Why We Need to Screen All Adult Patients for Addiction and Drug Abuse
Researchers' best guess is that roughly 1 in 10 Americans misuse drugs. Although that doesn't mean 10% of the population is addicted, it does mean that we can do more to prevents misuse, drug dependency, and addiction. A U.S. Preventive Services Task Force recommends that doctors ask every adult patient about both prescription and street drug use whenever possible. This national panel of experts is appointed by the Federal Department of Health and Human Services suggested that medical professionals screen every single adult patient to combat the rise of substance abuse and drug addiction in the US.
This recommendation is intended to reach primary care physicians to ensure that adult patients are using prescriptions and medication properly, hopefully helping to reduce the alarming rates of addiction, overdose, and death related to opioids including pain pills, heroin, and fentanyl. Although not required by law or medical statute, the recommendations by the Task Force are important. Any services the Task Force officially recommends are required to be covered by insurance with minimal co-pay. Likely since these screenings should occur by primary care physicians during every adult patient visit, the incremental cost will be minimal.
These new recommendations are a far cry from just one decade ago when the same Task Force essentially felt that it didn't have enough evidence to prove that universal adult screenings would actually help stem drug addiction or misuse. The change of opinion may be based in several new studies that link conversations or questionnaires from physicians with lower drug use and abuse. The evidence of the benefits of screening for pregnant patients is overwhelming where reporting on use or misuse of addictive substances often results in pregnant patients seeking help and finding sobriety. Moving from research into implementation, especially on a national scale, includes countless challenges, though, and it is not clear what the expected timeline for implementation will look like.
Because those in active addiction are generally easier to identify, the main goal is to help patients who are starting to abuse or misuse substances identify and correct the problem before falling into the throes of addiction. If we can intervene and provide care earlier, a certain segment of patients could avoid the viscous cycle of addiction, drug rehab, and relapse, hopefully ending with long-term sobriety.

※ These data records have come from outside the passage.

(* Let $X$ be a compact metric space, $f:X\to X$ continuous and $x\in X$. If $\omega_f(x)$ is totally periodic and totally disconnected, then $\omega_f(x)$ is finite.
   Context: $\omega_f(x)=\{y\in X:\ \exists\, n_i\to+\infty,\ f^{n_i}(x)\to y\}$. It is totally periodic if every point $y\in\omega_f(x)$ satisfies $f^m(y)=y$ for some $m\ge1$. *)

theory Defs
  imports "HOL-Analysis.Analysis"
begin

definition omega_limit :: "'a::metric_space set \<Rightarrow> ('a \<Rightarrow> 'a) \<Rightarrow> 'a \<Rightarrow> 'a set" where
  "omega_limit X f x = {y \<in> X. \<exists>n :: nat \<Rightarrow> nat. filterlim n at_top sequentially \<and>
       ((\<lambda>i. (f ^^ n i) x) \<longlongrightarrow> y) sequentially}"

definition totally_periodic :: "('a \<Rightarrow> 'a) \<Rightarrow> 'a set \<Rightarrow> bool" where
  "totally_periodic f S \<longleftrightarrow> (\<forall>y\<in>S. \<exists>m::nat. m \<ge> 1 \<and> (f ^^ m) y = y)"

definition totally_disconnected :: "'a::topological_space set \<Rightarrow> bool" where
  "totally_disconnected S \<longleftrightarrow> (\<forall>C. C \<subseteq> S \<and> connected C \<longrightarrow> (\<exists>a. C \<subseteq> {a}))"

end

theory Submission
  imports Defs
begin

text \<open>By Baire's theorem the compact set \<open>\<omega>\<close>, the countable union of the closed sets of points
  of period \<open>m\<close>, has a nonempty relatively open subset on which some \<open>f ^^ m\<close> is the identity;
  total disconnectedness shrinks it to a nonempty clopen \<open>V\<close>. Total periodicity makes \<open>f\<close> a
  homeomorphism of \<open>\<omega>\<close>, so \<open>V \<union> f ` V \<union> \<dots> \<union> f ^^ (m - 1) ` V\<close> is clopen and forward
  invariant, and an \<open>\<omega>\<close>-limit set has no proper nonempty subset of that kind; hence \<open>f ^^ m\<close> fixes
  \<open>\<omega>\<close>. Repeating this with arbitrarily small clopen neighbourhoods of a point \<open>z \<in> \<omega>\<close> shows that
  \<open>z\<close> is a limit of the finite orbit of any fixed \<open>y \<in> \<omega>\<close>, so \<open>\<omega>\<close> is that orbit.\<close>

lemma frequently_near_iff_tendsto_along:
  fixes a :: "nat \<Rightarrow> 'a::metric_space"
  shows "(\<exists>n. filterlim n at_top sequentially \<and> ((\<lambda>i. a (n i)) \<longlongrightarrow> y) sequentially) \<longleftrightarrow>
    (\<forall>e>0. \<exists>\<^sub>F k in sequentially. dist (a k) y < e)"
proof
  assume "\<exists>n. filterlim n at_top sequentially \<and> ((\<lambda>i. a (n i)) \<longlongrightarrow> y) sequentially"
  then obtain n where n: "filterlim n at_top sequentially"
    and lim: "((\<lambda>i. a (n i)) \<longlongrightarrow> y) sequentially"
    by blast
  show "\<forall>e>0. \<exists>\<^sub>F k in sequentially. dist (a k) y < e"
  proof (intro allI impI)
    fix e :: real
    assume "e > 0"
    show "\<exists>\<^sub>F k in sequentially. dist (a k) y < e"
      unfolding frequently_sequentially
    proof
      fix N
      have "\<forall>\<^sub>F i in sequentially. N \<le> n i \<and> dist (a (n i)) y < e"
        using n lim \<open>e > 0\<close> by (simp add: filterlim_at_top eventually_conj tendstoD)
      then obtain i where "N \<le> n i" "dist (a (n i)) y < e"
        using eventually_happens'[OF sequentially_bot] by blast
      then show "\<exists>k\<ge>N. dist (a k) y < e"
        by blast
    qed
  qed
next
  assume "\<forall>e>0. \<exists>\<^sub>F k in sequentially. dist (a k) y < e"
  then have "\<forall>k. \<exists>n\<ge>k. dist (a n) y < inverse (real (Suc k))"
    by (simp add: frequently_sequentially)
  then obtain n where n_ge: "\<And>k. k \<le> n k"
    and n_near: "\<And>k. dist (a (n k)) y < inverse (real (Suc k))"
    by metis
  have "filterlim n at_top sequentially"
    by (rule filterlim_at_top_mono[OF filterlim_ident]) (simp add: n_ge)
  moreover have "((\<lambda>i. a (n i)) \<longlongrightarrow> y) sequentially"
  proof (rule tendsto_dist_iff[THEN iffD2],
      rule tendsto_sandwich[OF _ _ tendsto_const LIMSEQ_inverse_real_of_nat])
    show "\<forall>\<^sub>F i in sequentially. 0 \<le> dist (a (n i)) y"
      by simp
    show "\<forall>\<^sub>F i in sequentially. dist (a (n i)) y \<le> inverse (real (Suc i))"
      using n_near by (intro always_eventually allI less_imp_le)
  qed
  ultimately show "\<exists>n. filterlim n at_top sequentially \<and> ((\<lambda>i. a (n i)) \<longlongrightarrow> y) sequentially"
    by blast
qed
lemma nn_integral_dyadic_cover_sum_le:
  fixes p q b \<alpha> c :: real
  assumes [measurable]: "F \<in> borel_measurable borel"
    and F: "\<And>s. 0 \<le> F s" and p: "1 \<le> p" "p \<le> q"
    and c: "0 \<le> c" and count: "\<And>j. real (N j) \<le> c * ((1/2) ^ (j + 1)) powr (- \<alpha>)"
    and \<theta>: "b * q + \<alpha> - (q - q / p + 1) < 0"
  shows "(\<integral>\<^sup>+r. dyadic_cover_sum \<sigma> N A b q F r \<partial>lborel)
           \<le> ennreal (c * 2 powr (\<alpha> + 2 * (q - q / p + 1)) / (1 - 2 powr (b * q + \<alpha> - (q - q / p + 1))))
             * enn_powr (Lp_norm lborel (ennreal p) (\<lambda>s. ennreal (F s))) q"
proof -
  define e where "e = q - q / p + 1"
  define \<theta> :: real where "\<theta> = 2 powr (b * q + \<alpha> - e)"
  define K where "K = c * 2 powr (\<alpha> + 2 * e)"
  define \<Lambda> where "\<Lambda> = enn_powr (Lp_norm lborel (ennreal p) (\<lambda>s. ennreal (F s))) q"
  define G where "G j = (\<integral>\<^sup>+x. enn_powr (ball_integral F x (2 * (1/2) ^ j)) q \<partial>lborel)" for j
  have \<theta>1: "0 \<le> \<theta>" "\<theta> < 1"
    using \<theta> powr_less_mono[of "b * q + \<alpha> - e" 0 2] by (auto simp: \<theta>_def e_def)
  have shift: "(\<integral>\<^sup>+r. enn_powr (ball_integral F (r - x0) \<rho>) q \<partial>lborel) = (\<integral>\<^sup>+x. enn_powr (ball_integral F x \<rho>) q \<partial>lborel)"
    for x0 \<rho>
    using nn_integral_real_affine[of "\<lambda>x. enn_powr (ball_integral F x \<rho>) q" 1 "- x0"] by simp
  have "(\<integral>\<^sup>+r. dyadic_cover_sum \<sigma> N A b q F r \<partial>lborel) = (\<Sum>j. ennreal (2 powr (b * q * real j)) * (of_nat (N j) * G j))"
    unfolding dyadic_cover_sum_def
    by (simp add: nn_integral_suminf nn_integral_cmult nn_integral_sum shift G_def)
  also have "\<dots> \<le> \<Lambda> * ennreal K * ennreal (1 / (1 - \<theta>))"
  proof (rule suminf_le_geometric[OF \<theta>1])
    fix j
    have "G j \<le> ennreal ((2 * (2 * (1/2) ^ j)) powr e) * \<Lambda>"
      unfolding G_def \<Lambda>_def e_def using F p by (intro ball_integral_Lq_le) auto
    then have "ennreal (2 powr (b * q * real j)) * (of_nat (N j) * G j)
        \<le> ennreal (2 powr (b * q * real j)) * (ennreal (c * ((1/2) ^ (j + 1)) powr (- \<alpha>)) * (ennreal ((2 * (2 * (1/2) ^ j)) powr e) * \<Lambda>))"
      using count[of j] by (intro mult_left_mono mult_mono) (auto simp: ennreal_of_nat_eq_real_of_nat)
    also have "\<dots> = \<Lambda> * ennreal (c * (2 powr (b * q * real j) * ((1/2) ^ (j + 1)) powr (- \<alpha>) * (2 * (2 * (1/2) ^ j)) powr e))"
      using c by (simp add: ennreal_mult mult_ac)
    also have "\<dots> = \<Lambda> * ennreal (c * (2 powr (\<alpha> + 2 * e) * \<theta> ^ j))"
      by (simp only: dyadic_Lq_term \<theta>_def)
    also have "\<dots> = \<Lambda> * ennreal K * ennreal (\<theta> ^ j)"
      using c \<theta>1 by (simp add: K_def ennreal_mult mult_ac)
    finally show "ennreal (2 powr (b * q * real j)) * (of_nat (N j) * G j) \<le> \<Lambda> * ennreal K * ennreal (\<theta> ^ j)" .
  qed
  also have "\<dots> = ennreal (K / (1 - \<theta>)) * \<Lambda>"
    using c \<theta>1 by (simp add: K_def ennreal_mult[symmetric] mult_ac)
  finally show ?thesis
    by (simp add: K_def \<theta>_def e_def \<Lambda>_def)
qed
lemma min_gens_mono:
  assumes "x \<le> X" and "even x = even X"
  shows "min_gens k x \<le> min_gens k X"
proof -
  have "x mod 2 = X mod 2" using assms(2) by (simp add: mod2_eq_if)
  moreover have "x div 2 \<le> X div 2" using assms(1) by (rule div_le_mono)
  ultimately show ?thesis unfolding min_gens_def by (simp add: div_le_mono)
qed

lemma min_gens_mono_far:
  assumes "0 < k" and "x + 2*k \<le> X"
  shows "min_gens k x \<le> min_gens k X"
proof -
  define c where "c = (x div 2 + k - 1) div k"
  have "k * c \<le> x div 2 + k - 1" unfolding c_def by (simp add: mult.commute)
  also have "\<dots> < X div 2" using assms by linarith
  finally have "c < (X div 2 + k - 1) div k"
    using ceiling_div_le_iff[OF assms(1), of "X div 2" c] by linarith
  then show ?thesis unfolding min_gens_def c_def[symmetric] by linarith
qed

lemma min_gens_block:
  assumes "0 < k" and "1 \<le> i" and "i \<le> 2*k"
  shows "min_gens k (2*k*s + i) = (if even i \<or> i = 1 then s + 1 else s + 2)"
proof -
  have "(2*k*s + i) div 2 = i div 2 + k * s" by simp
  then have "(2*k*s + i) div 2 + k - 1 = (i div 2 + k - 1) + k * s" using assms(1) by linarith
  then have "((2*k*s + i) div 2 + k - 1) div k = s + (i div 2 + k - 1) div k"
    using assms(1) by (simp only: div_mult_self2)
  moreover have "(i div 2 + k - 1) div k = (if i = 1 then 0 else 1)"
    using assms by (auto intro: div_nat_eqI)
  moreover have "(2*k*s + i) mod 2 = i mod 2" by (simp add: mult.assoc)
  ultimately show ?thesis unfolding min_gens_def by (auto simp: odd_iff_mod_2_eq_one)
qed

Further, if doctors stop at the screening, it is unlikely that we will see a statistical improvement. Patients who are identified to be at risk or already in active addiction have to be referred to effective drug rehab programs or outpatient addiction treatment clinics.
This type of screening would also be helpful for those who receive various medications from different medical specialists. Think of an aging person who gets an anti-inflammatory from their rheumatologist, blood pressure medication from their cardiologist, and painkillers from their pain management physician. Screening to this degree should help all three physicians to understand how the various medications react and ensure that the patient is not being treated by each provider in a vacuum.